[[ Dataset entries open ]]
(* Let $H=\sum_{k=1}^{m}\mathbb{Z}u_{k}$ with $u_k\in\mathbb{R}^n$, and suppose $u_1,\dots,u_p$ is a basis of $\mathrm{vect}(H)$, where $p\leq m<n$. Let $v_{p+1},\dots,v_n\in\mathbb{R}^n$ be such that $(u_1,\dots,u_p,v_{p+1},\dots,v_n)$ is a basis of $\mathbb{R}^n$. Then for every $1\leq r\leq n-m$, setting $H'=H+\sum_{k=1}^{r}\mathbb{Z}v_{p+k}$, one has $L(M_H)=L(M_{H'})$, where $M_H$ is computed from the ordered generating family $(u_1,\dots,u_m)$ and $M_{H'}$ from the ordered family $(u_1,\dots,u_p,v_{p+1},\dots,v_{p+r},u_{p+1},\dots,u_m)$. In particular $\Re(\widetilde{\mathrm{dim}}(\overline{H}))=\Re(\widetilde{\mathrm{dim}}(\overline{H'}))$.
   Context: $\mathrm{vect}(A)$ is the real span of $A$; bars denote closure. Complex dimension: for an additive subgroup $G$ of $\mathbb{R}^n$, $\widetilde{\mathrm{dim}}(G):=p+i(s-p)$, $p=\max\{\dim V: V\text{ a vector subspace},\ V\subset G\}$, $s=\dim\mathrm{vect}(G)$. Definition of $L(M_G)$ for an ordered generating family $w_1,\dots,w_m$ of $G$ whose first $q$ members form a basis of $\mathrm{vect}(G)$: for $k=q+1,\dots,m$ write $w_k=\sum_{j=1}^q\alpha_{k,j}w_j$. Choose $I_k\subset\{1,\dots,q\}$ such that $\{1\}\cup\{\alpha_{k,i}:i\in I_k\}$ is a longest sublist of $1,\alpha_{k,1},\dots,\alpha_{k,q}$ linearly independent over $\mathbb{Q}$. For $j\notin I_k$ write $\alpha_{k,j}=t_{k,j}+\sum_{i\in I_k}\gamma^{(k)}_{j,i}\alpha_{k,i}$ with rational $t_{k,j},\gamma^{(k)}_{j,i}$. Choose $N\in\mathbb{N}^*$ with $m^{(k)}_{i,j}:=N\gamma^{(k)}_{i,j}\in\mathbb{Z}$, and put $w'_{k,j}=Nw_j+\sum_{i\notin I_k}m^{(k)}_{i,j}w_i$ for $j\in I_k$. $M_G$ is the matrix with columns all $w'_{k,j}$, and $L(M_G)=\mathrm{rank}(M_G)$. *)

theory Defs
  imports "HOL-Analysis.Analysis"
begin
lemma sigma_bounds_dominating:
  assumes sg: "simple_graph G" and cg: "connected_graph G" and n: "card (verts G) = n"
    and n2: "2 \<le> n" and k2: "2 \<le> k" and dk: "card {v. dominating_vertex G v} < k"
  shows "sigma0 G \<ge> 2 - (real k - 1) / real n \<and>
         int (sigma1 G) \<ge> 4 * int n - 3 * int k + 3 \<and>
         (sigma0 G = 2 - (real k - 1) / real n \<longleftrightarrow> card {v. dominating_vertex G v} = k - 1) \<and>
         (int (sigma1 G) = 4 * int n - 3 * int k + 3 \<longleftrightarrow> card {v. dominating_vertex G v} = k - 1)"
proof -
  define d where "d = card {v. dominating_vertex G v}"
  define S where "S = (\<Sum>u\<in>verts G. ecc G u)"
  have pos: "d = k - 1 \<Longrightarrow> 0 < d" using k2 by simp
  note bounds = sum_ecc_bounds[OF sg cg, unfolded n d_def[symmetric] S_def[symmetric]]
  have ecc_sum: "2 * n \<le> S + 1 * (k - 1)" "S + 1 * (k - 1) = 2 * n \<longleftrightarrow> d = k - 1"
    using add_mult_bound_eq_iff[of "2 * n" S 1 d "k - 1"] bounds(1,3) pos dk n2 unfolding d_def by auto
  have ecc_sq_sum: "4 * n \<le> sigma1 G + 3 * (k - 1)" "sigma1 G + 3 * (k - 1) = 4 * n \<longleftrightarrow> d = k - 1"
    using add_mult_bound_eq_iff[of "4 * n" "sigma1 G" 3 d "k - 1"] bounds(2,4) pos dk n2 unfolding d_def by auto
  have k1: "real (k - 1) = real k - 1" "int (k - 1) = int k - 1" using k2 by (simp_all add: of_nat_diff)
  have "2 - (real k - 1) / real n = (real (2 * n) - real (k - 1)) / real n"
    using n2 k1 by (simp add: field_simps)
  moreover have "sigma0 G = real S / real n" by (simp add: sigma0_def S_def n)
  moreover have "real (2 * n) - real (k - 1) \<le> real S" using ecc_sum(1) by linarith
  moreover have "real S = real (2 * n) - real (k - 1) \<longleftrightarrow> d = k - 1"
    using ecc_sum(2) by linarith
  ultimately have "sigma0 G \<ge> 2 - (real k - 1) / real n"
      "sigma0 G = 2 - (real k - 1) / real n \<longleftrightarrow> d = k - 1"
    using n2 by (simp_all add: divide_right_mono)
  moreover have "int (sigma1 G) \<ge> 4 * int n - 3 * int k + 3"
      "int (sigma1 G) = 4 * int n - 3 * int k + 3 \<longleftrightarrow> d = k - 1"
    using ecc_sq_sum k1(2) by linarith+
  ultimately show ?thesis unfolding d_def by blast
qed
[[ Dataset entries closed ]]
[[ Dataset entries open ]]
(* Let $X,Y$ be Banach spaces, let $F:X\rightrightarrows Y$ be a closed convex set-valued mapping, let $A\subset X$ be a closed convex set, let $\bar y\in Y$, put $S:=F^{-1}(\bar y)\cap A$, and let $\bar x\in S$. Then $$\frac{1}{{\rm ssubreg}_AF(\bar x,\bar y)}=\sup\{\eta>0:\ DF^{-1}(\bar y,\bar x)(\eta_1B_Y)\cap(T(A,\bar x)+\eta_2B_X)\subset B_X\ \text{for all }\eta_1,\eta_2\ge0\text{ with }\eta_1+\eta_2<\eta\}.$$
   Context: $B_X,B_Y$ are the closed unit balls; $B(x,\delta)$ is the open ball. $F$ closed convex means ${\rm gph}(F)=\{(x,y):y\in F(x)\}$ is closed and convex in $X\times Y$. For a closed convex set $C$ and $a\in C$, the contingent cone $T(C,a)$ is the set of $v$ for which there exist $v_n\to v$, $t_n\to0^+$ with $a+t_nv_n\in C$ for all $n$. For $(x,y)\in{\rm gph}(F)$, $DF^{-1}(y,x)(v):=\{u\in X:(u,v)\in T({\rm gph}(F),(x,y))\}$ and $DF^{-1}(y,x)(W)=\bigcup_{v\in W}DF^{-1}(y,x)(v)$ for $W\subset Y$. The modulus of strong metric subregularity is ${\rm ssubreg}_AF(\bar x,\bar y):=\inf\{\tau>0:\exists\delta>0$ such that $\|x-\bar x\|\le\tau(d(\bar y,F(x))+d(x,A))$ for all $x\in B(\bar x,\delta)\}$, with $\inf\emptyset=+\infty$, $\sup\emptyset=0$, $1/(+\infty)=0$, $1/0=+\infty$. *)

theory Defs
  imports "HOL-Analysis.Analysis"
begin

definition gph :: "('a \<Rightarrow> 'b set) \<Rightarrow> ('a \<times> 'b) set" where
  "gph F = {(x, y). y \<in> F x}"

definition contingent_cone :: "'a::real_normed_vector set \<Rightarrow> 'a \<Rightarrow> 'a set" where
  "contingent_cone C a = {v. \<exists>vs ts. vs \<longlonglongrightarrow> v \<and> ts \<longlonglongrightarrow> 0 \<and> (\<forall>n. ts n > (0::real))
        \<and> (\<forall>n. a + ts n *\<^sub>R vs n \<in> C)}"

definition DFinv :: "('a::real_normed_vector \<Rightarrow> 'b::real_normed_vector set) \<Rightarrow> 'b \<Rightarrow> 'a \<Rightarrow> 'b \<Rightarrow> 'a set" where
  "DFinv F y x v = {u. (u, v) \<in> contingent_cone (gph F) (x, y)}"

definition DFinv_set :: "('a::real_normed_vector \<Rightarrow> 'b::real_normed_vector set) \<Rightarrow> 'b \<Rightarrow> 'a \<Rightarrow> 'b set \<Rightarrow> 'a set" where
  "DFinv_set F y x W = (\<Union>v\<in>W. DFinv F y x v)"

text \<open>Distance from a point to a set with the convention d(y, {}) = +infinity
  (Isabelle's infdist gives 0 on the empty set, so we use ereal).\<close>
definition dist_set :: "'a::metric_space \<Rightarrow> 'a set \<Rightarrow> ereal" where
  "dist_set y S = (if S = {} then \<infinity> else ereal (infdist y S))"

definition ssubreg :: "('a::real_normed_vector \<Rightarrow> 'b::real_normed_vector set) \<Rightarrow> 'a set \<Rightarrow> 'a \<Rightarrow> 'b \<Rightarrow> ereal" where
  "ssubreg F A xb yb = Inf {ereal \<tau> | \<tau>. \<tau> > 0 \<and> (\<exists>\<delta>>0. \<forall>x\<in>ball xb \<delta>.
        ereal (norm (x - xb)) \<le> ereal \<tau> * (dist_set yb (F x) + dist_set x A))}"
[[ Dataset entries closed ]]
[[ Dataset entries open ]]
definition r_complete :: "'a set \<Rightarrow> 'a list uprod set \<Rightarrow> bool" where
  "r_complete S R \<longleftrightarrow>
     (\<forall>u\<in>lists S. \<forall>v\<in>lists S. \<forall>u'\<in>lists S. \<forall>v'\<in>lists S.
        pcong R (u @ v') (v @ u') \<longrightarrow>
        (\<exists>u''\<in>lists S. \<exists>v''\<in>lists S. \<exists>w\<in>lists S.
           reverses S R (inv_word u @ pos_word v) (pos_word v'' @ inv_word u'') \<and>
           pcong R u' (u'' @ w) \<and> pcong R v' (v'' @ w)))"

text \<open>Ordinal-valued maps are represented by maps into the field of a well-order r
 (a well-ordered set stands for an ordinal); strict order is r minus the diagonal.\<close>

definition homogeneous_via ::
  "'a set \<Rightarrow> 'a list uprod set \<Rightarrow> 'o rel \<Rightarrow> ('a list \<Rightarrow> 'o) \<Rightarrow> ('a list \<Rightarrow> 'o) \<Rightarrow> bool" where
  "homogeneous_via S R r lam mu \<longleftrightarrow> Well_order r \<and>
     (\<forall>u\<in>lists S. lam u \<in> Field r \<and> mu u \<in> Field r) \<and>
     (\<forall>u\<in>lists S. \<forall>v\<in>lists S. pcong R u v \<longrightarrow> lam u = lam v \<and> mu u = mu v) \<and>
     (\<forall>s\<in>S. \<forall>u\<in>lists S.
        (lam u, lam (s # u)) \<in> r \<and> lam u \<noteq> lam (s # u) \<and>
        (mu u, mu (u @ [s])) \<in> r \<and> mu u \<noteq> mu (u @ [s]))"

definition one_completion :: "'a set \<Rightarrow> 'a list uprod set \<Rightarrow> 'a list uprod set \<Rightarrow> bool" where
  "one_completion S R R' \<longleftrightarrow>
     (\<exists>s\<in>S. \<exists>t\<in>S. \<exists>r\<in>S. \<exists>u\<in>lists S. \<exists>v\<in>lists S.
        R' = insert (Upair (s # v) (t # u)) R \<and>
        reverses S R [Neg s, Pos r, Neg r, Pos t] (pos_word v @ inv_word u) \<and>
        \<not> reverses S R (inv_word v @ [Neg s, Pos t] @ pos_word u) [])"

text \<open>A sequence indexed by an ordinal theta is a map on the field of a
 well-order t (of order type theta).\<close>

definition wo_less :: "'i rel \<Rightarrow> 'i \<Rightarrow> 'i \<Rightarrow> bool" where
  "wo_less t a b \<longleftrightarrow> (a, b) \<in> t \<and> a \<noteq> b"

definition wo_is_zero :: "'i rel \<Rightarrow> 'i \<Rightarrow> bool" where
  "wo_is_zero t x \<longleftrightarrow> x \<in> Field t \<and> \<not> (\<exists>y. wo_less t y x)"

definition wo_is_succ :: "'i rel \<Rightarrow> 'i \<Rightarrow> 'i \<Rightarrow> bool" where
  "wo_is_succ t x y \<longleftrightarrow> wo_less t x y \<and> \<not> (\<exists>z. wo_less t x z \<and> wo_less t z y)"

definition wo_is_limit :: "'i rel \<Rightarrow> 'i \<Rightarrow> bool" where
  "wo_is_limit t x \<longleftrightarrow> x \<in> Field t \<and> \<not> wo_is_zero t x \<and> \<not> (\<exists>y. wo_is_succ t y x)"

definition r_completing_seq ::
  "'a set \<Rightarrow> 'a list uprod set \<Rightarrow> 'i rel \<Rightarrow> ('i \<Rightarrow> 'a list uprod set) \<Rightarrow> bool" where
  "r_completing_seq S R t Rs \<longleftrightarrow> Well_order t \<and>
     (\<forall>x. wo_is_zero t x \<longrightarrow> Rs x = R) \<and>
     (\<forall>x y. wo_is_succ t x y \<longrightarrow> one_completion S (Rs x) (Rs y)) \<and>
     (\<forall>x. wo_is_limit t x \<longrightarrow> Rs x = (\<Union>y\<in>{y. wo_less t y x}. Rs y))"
[[ Dataset entries closed ]]
Look for the word "noteq" in the data, then return every line that contains it.

        (lam u, lam (s # u)) \<in> r \<and> lam u \<noteq> lam (s # u) \<and>
        (mu u, mu (u @ [s])) \<in> r \<and> mu u \<noteq> mu (u @ [s]))"
  "wo_less t a b \<longleftrightarrow> (a, b) \<in> t \<and> a \<noteq> b"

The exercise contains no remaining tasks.